Even when we think we’ve moved past our internal biases, a lot of us are still carrying them deep inside. An emotional tug-of-war starts appearing where we believe in sexual autonomy but struggle to accept it for ourselves.
After growing up with moralized warnings about protecting ourselves from sexual exploitation, sexuality in and of itself became something guarded that feels like it has to be consciously monitored. Getting on campus and suddenly being in an environment where sex is something casual and normal — even expected — can cause internal confusion.
We want to be empowered and part of the group, but a lingering shame still exists, causing a fear of judgment or becoming “used” or “ruined.” Even if we don’t actively believe in those words holding truth, we can still understand them and internalize them.
We can get stuck between two absolutes: Purity and performance. The idea that our personal worth could shift based on other people’s perception of us is frankly terrifying.
This is not all to say that either engaging in sex or practicing abstinence are wrong. Many women abstain from sex as a personal choice, and they simply don’t want to have sex before marriage, which is valid. Abstinence culture only becomes toxic when it becomes centered around societal shame and pressure.
Women are taught from birth to be gatekeepers. Women become responsible not just for our own behavior and bodies, but for what our behavior and bodies might inadvertently do to men. Purity frames women as the moral center for society.

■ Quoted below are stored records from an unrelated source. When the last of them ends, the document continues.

lemma lipschitz_graph_inj_on_fst:
  assumes "lipschitz_graph K S"
  shows "inj_on fst S"
proof (rule inj_onI)
  fix p q assume "p \<in> S" "q \<in> S" "fst p = fst q"
  then have "\<bar>snd p - snd q\<bar> \<le> 0" using assms unfolding lipschitz_graph_def by fastforce
  then show "p = q" using \<open>fst p = fst q\<close> by (simp add: prod_eq_iff)
qed

lemma lipschitz_graph_closed_segment:
  fixes u w :: rpt
  assumes "fst u < fst w" "\<bar>snd w - snd u\<bar> / (fst w - fst u) \<le> K"
  shows "lipschitz_graph K (closed_segment u w)"
  unfolding lipschitz_graph_def
proof (intro ballI)
  fix p q assume "p \<in> closed_segment u w" "q \<in> closed_segment u w"
  then obtain s t where s: "0 \<le> s" "s \<le> 1" "p = (1 - s) *\<^sub>R u + s *\<^sub>R w"
    and t: "0 \<le> t" "t \<le> 1" "q = (1 - t) *\<^sub>R u + t *\<^sub>R w"
    unfolding closed_segment_def by auto
  have dx: "fst p - fst q = (s - t) * (fst w - fst u)" and dy: "snd p - snd q = (s - t) * (snd w - snd u)"
    by (simp_all add: s(3) t(3) algebra_simps)
  have "\<bar>snd p - snd q\<bar> = \<bar>s - t\<bar> * (fst w - fst u) * (\<bar>snd w - snd u\<bar> / (fst w - fst u))"
    using assms(1) by (simp add: dy abs_mult)
  also have "\<dots> \<le> \<bar>s - t\<bar> * (fst w - fst u) * K"
    using assms by (intro mult_left_mono) auto
  also have "\<dots> = K * \<bar>fst p - fst q\<bar>"
    using assms(1) by (simp add: dx abs_mult)
  finally show "\<bar>snd p - snd q\<bar> \<le> K * \<bar>fst p - fst q\<bar>" .
qed

lemma lipschitz_graph_Un:
  assumes "lipschitz_graph K S" "lipschitz_graph K T" "0 \<le> K" "z \<in> S" "z \<in> T"
    and "\<forall>p\<in>S. fst p \<le> fst z" "\<forall>q\<in>T. fst z \<le> fst q"
  shows "lipschitz_graph K (S \<union> T)"
proof -
  have across: "\<bar>snd p - snd q\<bar> \<le> K * \<bar>fst p - fst q\<bar>" if "p \<in> S" "q \<in> T" for p q
  proof -
    have "\<bar>snd p - snd q\<bar> \<le> \<bar>snd p - snd z\<bar> + \<bar>snd z - snd q\<bar>" by simp
    also have "\<dots> \<le> K * \<bar>fst p - fst z\<bar> + K * \<bar>fst z - fst q\<bar>"
      using assms(1,2,4,5) that unfolding lipschitz_graph_def by (meson add_mono)
    also have "\<dots> = K * \<bar>fst p - fst q\<bar>"
    proof -
      have "fst p \<le> fst z" "fst z \<le> fst q" using assms(6,7) that by auto
      then have "\<bar>fst p - fst z\<bar> + \<bar>fst z - fst q\<bar> = \<bar>fst p - fst q\<bar>" by arith
      then show ?thesis by (metis distrib_left)
    qed
    finally show ?thesis .
  qed
  show ?thesis
    unfolding lipschitz_graph_def
  proof (intro ballI)
    fix p q assume "p \<in> S \<union> T" "q \<in> S \<union> T"
    then show "\<bar>snd p - snd q\<bar> \<le> K * \<bar>fst p - fst q\<bar>"
      using assms(1,2) across[of p q] across[of q p]
      unfolding lipschitz_graph_def by (auto simp: abs_minus_commute)
  qed
qed

lemma lipschitz_graph_snd_near:
  assumes "lipschitz_graph K S" "0 \<le> K" "w \<in> S" "p \<in> S" "dist z w < \<epsilon>" "\<bar>fst z - fst p\<bar> < \<epsilon>"
  shows "\<bar>snd z - snd p\<bar> < (2 * K + 1) * \<epsilon>"
proof -
  have z: "\<bar>fst z - fst w\<bar> < \<epsilon>" "\<bar>snd z - snd w\<bar> < \<epsilon>"
    using assms(5) dist_fst_le[of z w] dist_snd_le[of z w] by (simp_all add: dist_real_def)
  have "\<bar>snd w - snd p\<bar> \<le> K * \<bar>fst w - fst p\<bar>"
    using assms(1,3,4) unfolding lipschitz_graph_def by blast
  also have "\<dots> \<le> K * (2 * \<epsilon>)"
    using z(1) assms(2,6) by (intro mult_left_mono) auto
  finally show ?thesis using z(2) by (simp add: algebra_simps)
qed

definition polyline_points :: "(nat \<Rightarrow> rpt) \<Rightarrow> nat \<Rightarrow> rpt set" where
  "polyline_points v k = (\<Union>i<k. closed_segment (v i) (v (Suc i)))"

lemma polyline_points_Suc:
  "polyline_points v (Suc k) = polyline_points v k \<union> closed_segment (v k) (v (Suc k))"
  by (auto simp: polyline_points_def lessThan_Suc)

locale x_monotone_polyline =
  fixes v :: "nat \<Rightarrow> rpt" and k :: nat
  assumes legs: "0 < k" and fst_less: "\<And>i. i < k \<Longrightarrow> fst (v i) < fst (v (Suc i))"
begin

lemma fst_mono: "i \<le> i' \<Longrightarrow> i' \<le> k \<Longrightarrow> fst (v i) \<le> fst (v i')"
proof (induction i' rule: dec_induct)
  case (step m)
  then show ?case using fst_less[of m] by simp
qed simp

lemma fst_points_bounds:
  assumes "p \<in> polyline_points v n" "n \<le> k"
  shows "fst (v 0) \<le> fst p \<and> fst p \<le> fst (v n)"
proof -
  obtain i where i: "i < n" "p \<in> closed_segment (v i) (v (Suc i))"
    using assms(1) by (auto simp: polyline_points_def)
  have "fst (v i) \<le> fst p \<and> fst p \<le> fst (v (Suc i))"
    using fst_closed_segment_bounds[OF i(2)] fst_less[of i] i assms(2) by simp
  moreover have "fst (v 0) \<le> fst (v i)" "fst (v (Suc i)) \<le> fst (v n)"
    using fst_mono i assms(2) by auto
  ultimately show ?thesis by linarith
qed

definition slope_bound :: real where
  "slope_bound = (\<Sum>i<k. \<bar>snd (v (Suc i)) - snd (v i)\<bar> / (fst (v (Suc i)) - fst (v i)))"

lemma slope_bound_nonneg: "0 \<le> slope_bound"
  unfolding slope_bound_def by (rule sum_nonneg) (use fst_less in \<open>auto intro!: divide_nonneg_pos\<close>)

lemma lipschitz_graph_points: "lipschitz_graph slope_bound (polyline_points v k)"
proof -
  have "lipschitz_graph slope_bound (polyline_points v n)" if "n \<le> k" for n
    using that
  proof (induction n)
    case 0
    then show ?case by (simp add: polyline_points_def lipschitz_graph_def)
  next
    case (Suc n)
    have "\<bar>snd (v (Suc n)) - snd (v n)\<bar> / (fst (v (Suc n)) - fst (v n)) \<le> slope_bound"
      unfolding slope_bound_def using Suc.prems
      by (intro member_le_sum) (use fst_less in \<open>auto intro!: divide_nonneg_pos\<close>)
    then have leg: "lipschitz_graph slope_bound (closed_segment (v n) (v (Suc n)))"
      using Suc.prems by (intro lipschitz_graph_closed_segment fst_less) auto
    show ?case
    proof (cases n)
      case 0
      then show ?thesis using leg by (simp add: polyline_points_def lessThan_Suc)
    next
      case (Suc m)
      have "v n \<in> polyline_points v n"
        using Suc by (auto simp: polyline_points_def intro!: bexI[of _ m])
      moreover have "\<forall>q\<in>closed_segment (v n) (v (Suc n)). fst (v n) \<le> fst q"
        using fst_closed_segment_bounds fst_less \<open>Suc n \<le> k\<close> by (metis Suc_le_lessD less_le)
      ultimately show ?thesis
        unfolding polyline_points_Suc using Suc.IH Suc.prems fst_points_bounds leg slope_bound_nonneg
        by (intro lipschitz_graph_Un) auto
    qed
  qed
  then show ?thesis by simp
qed

lemma first_leg_subset_points: "closed_segment (v 0) (v 1) \<subseteq> polyline_points v k"
  using legs by (force simp: polyline_points_def)

lemma inj_on_fst_points: "inj_on fst (polyline_points v k)"
  by (rule lipschitz_graph_inj_on_fst[OF lipschitz_graph_points])

lemma fst_image_points: "fst ` polyline_points v k = {fst (v 0)..fst (v k)}"
proof
  show "fst ` polyline_points v k \<subseteq> {fst (v 0)..fst (v k)}"
    using fst_points_bounds by auto
  have "{fst (v 0)..fst (v n)} \<subseteq> fst ` polyline_points v n" if "0 < n" "n \<le> k" for n
    using that
  proof (induction n)
    case (Suc n)
    have "{fst (v n)..fst (v (Suc n))} \<subseteq> fst ` closed_segment (v n) (v (Suc n))"
      by (auto intro: closed_segment_fst_covers)
    then have leg: "{fst (v n)..fst (v (Suc n))} \<subseteq> fst ` polyline_points v (Suc n)"
      by (auto simp: polyline_points_Suc)
    show ?case
    proof (cases n)
      case 0
      then show ?thesis using leg by simp
    next
      case (Suc m)
      then have "{fst (v 0)..fst (v n)} \<subseteq> fst ` polyline_points v (Suc n)"
        using Suc.IH Suc.prems by (auto simp: polyline_points_Suc)
      moreover have "{fst (v 0)..fst (v (Suc n))} \<subseteq> {fst (v 0)..fst (v n)} \<union> {fst (v n)..fst (v (Suc n))}"
        by auto
      ultimately show ?thesis using leg by blast
    qed
  qed simp
  then show "{fst (v 0)..fst (v k)} \<subseteq> fst ` polyline_points v k" using legs by simp
qed

end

We’re told to dress carefully, to act carefully, to text carefully, all in the hopes that we won’t “give men the wrong idea.” The burden of caution falls all on us. When something goes wrong, the first question is nearly always: “What was she wearing?” or “Why was she there?”
This rhetoric shows up everywhere. In legislation, in reproductive rights conversations and in debates about contraceptives access and sex education. When policies treat women’s bodies as something to regulate or restrict, they echo the same logic purity culture thrives on: Female sexuality must be controlled.
As college women, we sit on that boundary, right at the center of that tension. We’re old enough to vote and live independently, but our sexuality is still seen as something either fragile or dangerous, subject to the critique of outsiders.
The rise of “traditional feminitity” online also has a strong effect on the way women’s sexuality is viewed. Modesty and domesticity are emphasized, all with the underlying message that our value increases when our sexuality decreases.
The issue at hand isn’t faith or personal values, but rather the ongoing concept that women tend to only be respected under certain circumstances. When it becomes apparent that our worth is conditional, that’s when purity culture becomes problematic.
What women need now more than ever is to empower themselves. Empowerment doesn’t mean you have to have sex or abstain from sex either, but rather to have the capacity to choose without social shame being attached.
Purity culture tells us not to have sex, while hookup culture asks us why we haven’t had sex yet; neither outlook allows women control over their own autonomy. We have to remove ourselves from the narrative the world is constantly trying to push on our bodies and strive to love ourselves and others the way we are, regardless of sexual behavior.
True autonomy means being able to say “yes” to sex without fear and also “no” without shame. It means not tying your worth to either end and not needing to explain your boundaries all the time.
Gen Z inherited both purity culture and hypersexualization from past generations. Now, we need to build something healthier in the middle, not putting shame on any woman.